Giorgio Panariello, il timore per un nuovo mandato di Trump e i nuovi progetti tra teatro e Mediaset
Giorgio Panariello porta in tournée anche nell'estate 2026 lo spettacolo "E se domani..." e racconta il suo sguardo sul futuro tra ironia e attualità. Il comico confessa di temere un nuovo mandato di Donald Trump e annuncia nuovi progetti televisivi con Mediaset.
Giorgio Panariello continua il viaggio di "E se domani...", lo spettacolo che dopo oltre 70 repliche nei teatri italiani proseguirà anche durante l'estate 2026. Il filo conduttore dello show è un'immaginaria spedizione nel futuro, dalla quale il comico torna per raccontare ciò che ha visto, trasformando il domani in un'occasione per osservare con ironia il presente e le sue contraddizioni.
Tra le riflessioni che accompagnano il monologo emerge anche una preoccupazione personale. All'Adnkronos Panariello indica come uno dei suoi timori maggiori la possibilità che Donald Trump possa ottenere un altro mandato alla guida degli Stati Uniti. Secondo il comico, il ruolo del presidente americano resta determinante per gli equilibri internazionali e teme che eventuali tensioni possano avere conseguenze ancora più gravi.
Accanto ai temi più seri, lo spettacolo lascia spazio anche alla leggerezza. Se davvero potesse conoscere il futuro, Panariello dice che vorrebbe scoprire chi vincerà il campionato di calcio, quale sarà il destino politico del Governo italiano, come andranno alcuni programmi televisivi e perfino le vicende sentimentali dei personaggi dello spettacolo, alternando curiosità e battute.

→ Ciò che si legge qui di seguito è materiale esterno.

lemma beta_chain_exists:
  assumes "P \<noteq> []" "s \<le> n" "r (suffix_min s) \<le> r stop_taxon"
  shows "\<exists>bs. bs \<noteq> [] \<and> hd bs = suffix_min s \<and> last bs = stop_taxon \<and> successively beta_step bs"
  using assms(2,3)
proof (induction "n - s" arbitrary: s rule: less_induct)
  case less
  show ?case
  proof (cases "suffix_min s = stop_taxon")
    case True
    then show ?thesis by (intro exI[of _ "[stop_taxon]"]) simp
  next
    case False
    then have below_stop: "r (suffix_min s) < r stop_taxon"
      using less.prems(2) rank_eq_iff[OF distinct_pi suffix_min_in_pi stop_taxon_in_pi[OF assms(1)]]
      by (simp add: order_less_le)
    then have "suffix_min s \<noteq> l"
      using stop_taxon_least[OF assms(1)] by auto
    then obtain c where c: "s \<le> c" "c < n" "suffix_min s = P ! c"
      using suffix_min_mem[of s] by (auto simp: in_set_drop_conv_nth)
    then have "r (suffix_min (Suc c)) \<le> r stop_taxon" "n - Suc c < n - s"
      using suffix_min_le stop_taxon_in_suffix[OF assms(1)] False by auto
    then obtain bs where bs: "bs \<noteq> []" "hd bs = suffix_min (Suc c)" "last bs = stop_taxon"
        "successively beta_step bs"
      using less.hyps[of "Suc c"] c(2) by auto
    then show ?thesis
      using beta_step_suffix_min[OF assms(1) c(3,2) below_stop]
      by (intro exI[of _ "suffix_min s # bs"]) (auto simp: successively_Cons)
  qed
qed

lemma lts_block_nth:
  assumes "s \<le> n" "new_suffix_min s" "suffix_min s = P ! j" "j < n"
  shows "lts pi T (suffix_min s) \<noteq> [] \<and>
    butlast (lts pi T (suffix_min s)) @ [suffix_min s] = map ((!) P) [s..<Suc j]"
  using lts_suffix_min_nth[OF assms] suffix_min_nth_le[OF assms(3,4)] assms(3) by simp

lemma lts_block_stop:
  assumes "P \<noteq> []" "s \<le> n" "new_suffix_min s" "suffix_min s = stop_taxon"
  shows "lts pi T stop_taxon \<noteq> [] \<and>
    drop s P = (if stop_taxon = l then lts pi T stop_taxon else butlast (lts pi T stop_taxon) @ [stop_taxon])"
proof (cases "stop_taxon = l")
  case True
  txt \<open>If \<open>M\<^sub>n = \<ell>\<close> were new, then \<open>p\<^sub>n <\<^sub>\<pi> \<ell>\<close> and the stopping taxon would be \<open>p\<^sub>n\<close>.\<close>
  have "s \<noteq> n"
  proof
    assume "s = n"
    then have "r (P ! (n - 1)) < r l"
      using assms True by (simp add: new_suffix_min_def prec_iff_rank_less[OF distinct_pi])
    then show False
      using stop_taxon_least[OF assms(1)] True last_conv_nth[OF assms(1)] by simp
  qed
  then show ?thesis
    using lts_suffix_min_l[OF assms(2,3)] assms(2,4) True by simp
next
  case False
  then have "suffix_min s = P ! (n - 1)"
    using stop_taxon_least[OF assms(1)] last_conv_nth[OF assms(1)] assms(4) by simp
  then show ?thesis
    using lts_block_nth[of s "n - 1"] drop_eq_map_nth_append[OF assms(2) order_refl] assms False
    by simp
qed

lemma beta_chain_decomposition:
  assumes "P \<noteq> []"
  shows "successively beta_step bs \<Longrightarrow> bs \<noteq> [] \<Longrightarrow> hd bs = suffix_min s \<Longrightarrow> last bs = stop_taxon \<Longrightarrow>
    s \<le> n \<Longrightarrow> new_suffix_min s \<Longrightarrow>
    (\<forall>b\<in>set bs. lts pi T b \<noteq> []) \<and>
    drop s P = concat (map (\<lambda>b. butlast (lts pi T b) @ [b]) (butlast bs)) @
      (if last bs = l then lts pi T (last bs) else butlast (lts pi T (last bs)) @ [last bs])"
proof (induction bs arbitrary: s)
  case (Cons a bs)
  show ?case
  proof (cases "bs = []")
    case True
    then show ?thesis
      using lts_block_stop[OF assms] Cons.prems by auto
  next
    case False
    from Cons.prems False obtain x where x: "1 \<le> x" "x \<le> n" "suffix_min s = P ! (x - 1)"
        "hd bs = suffix_min x"
      by (auto simp: successively_Cons beta_step_def)
    then have "new_suffix_min x" "s \<le> x - 1"
      using new_suffix_min_Suc[of s "x - 1"] suffix_min_nth_le[of s "x - 1"] by simp_all
    then have "(\<forall>b\<in>set bs. lts pi T b \<noteq> []) \<and>
      drop x P = concat (map (\<lambda>b. butlast (lts pi T b) @ [b]) (butlast bs)) @
        (if last bs = l then lts pi T (last bs) else butlast (lts pi T (last bs)) @ [last bs])"
      using Cons.IH[of x] Cons.prems False x by (simp add: successively_Cons)
    moreover have "lts pi T a \<noteq> [] \<and> butlast (lts pi T a) @ [a] = map ((!) P) [s..<x]"
      using lts_block_nth[of s "x - 1"] Cons.prems x by simp
    ultimately show ?thesis
      using drop_eq_map_nth_append[of s x P] \<open>s \<le> x - 1\<close> x False by simp
  qed
qed simp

Nel racconto teatrale il futuro non assume però toni cupi. L'attore immagina un mondo in cui robot e intelligenza artificiale collaborano con l'uomo e la tecnologia diventa uno strumento utile anziché una fonte di isolamento. Per Panariello il compito della comicità resta quello di alleggerire le preoccupazioni quotidiane e offrire al pubblico qualche ora di evasione.
Tra i nuovi personaggi compare anche "AU", un complottista che interpreta qualsiasi episodio della vita quotidiana come parte di una cospirazione. Dietro la caricatura si nasconde però una riflessione sul valore del pensiero critico e sul ruolo dei grandi innovatori della storia, indicati come figure capaci di cambiare realmente il corso degli eventi.
Il confronto tra uomini e macchine occupa una parte centrale dello spettacolo. Panariello osserva che i robot imparano dagli errori, mentre l'umanità continua spesso a ripetere gli stessi sbagli, ricordando come le lezioni lasciate dalla Seconda guerra mondiale non abbiano impedito il ritorno di nuovi conflitti. Per questo, spiega, a preoccuparlo sono più gli esseri umani che le tecnologie.
Guardando oltre il teatro, il comico rivela anche un desiderio personale: aprire un negozio dedicato all'abbigliamento maschile con uno stile moderno ma equilibrato, pensato per chi cerca capi originali senza eccessi.
Sul piano professionale, invece, il futuro passa da Mediaset. Panariello annuncia di essere al lavoro su una serie di spettacoli-evento previsti a partire dal periodo natalizio e su una nuova serie televisiva che firmerà anche come autore. Spiega di aver scelto questo percorso perché desiderava sviluppare progetti a lungo termine, opportunità che, a suo giudizio, non aveva più trovato in Rai.
Non manca un riferimento agli amici di sempre, Carlo Conti e Leonardo Pieraccioni. Sul possibile ritorno del trio, Panariello scherza spiegando che ogni incontro riaccende la voglia di lavorare insieme, anche se trovare un periodo libero comune resta complicato. Intanto conferma un cameo nel prossimo film di Pieraccioni, intitolato "Un weekend artificiale".
Infine guarda con fiducia al futuro della comicità italiana. Secondo Panariello oggi gli artisti possono contare su una libertà espressiva molto più ampia rispetto agli inizi della sua carriera. Pur ritenendo difficile essere completamente originali, è convinto che il talento continui a fare la differenza, anche attraverso uno sguardo, una pausa o una semplice espressione del volto. Il tour estivo prenderà il via con due date ad Arezzo il 10 e 12 luglio e proseguirà in diverse città italiane fino all'appuntamento conclusivo del 7 settembre al Castello Sforzesco di Vigevano.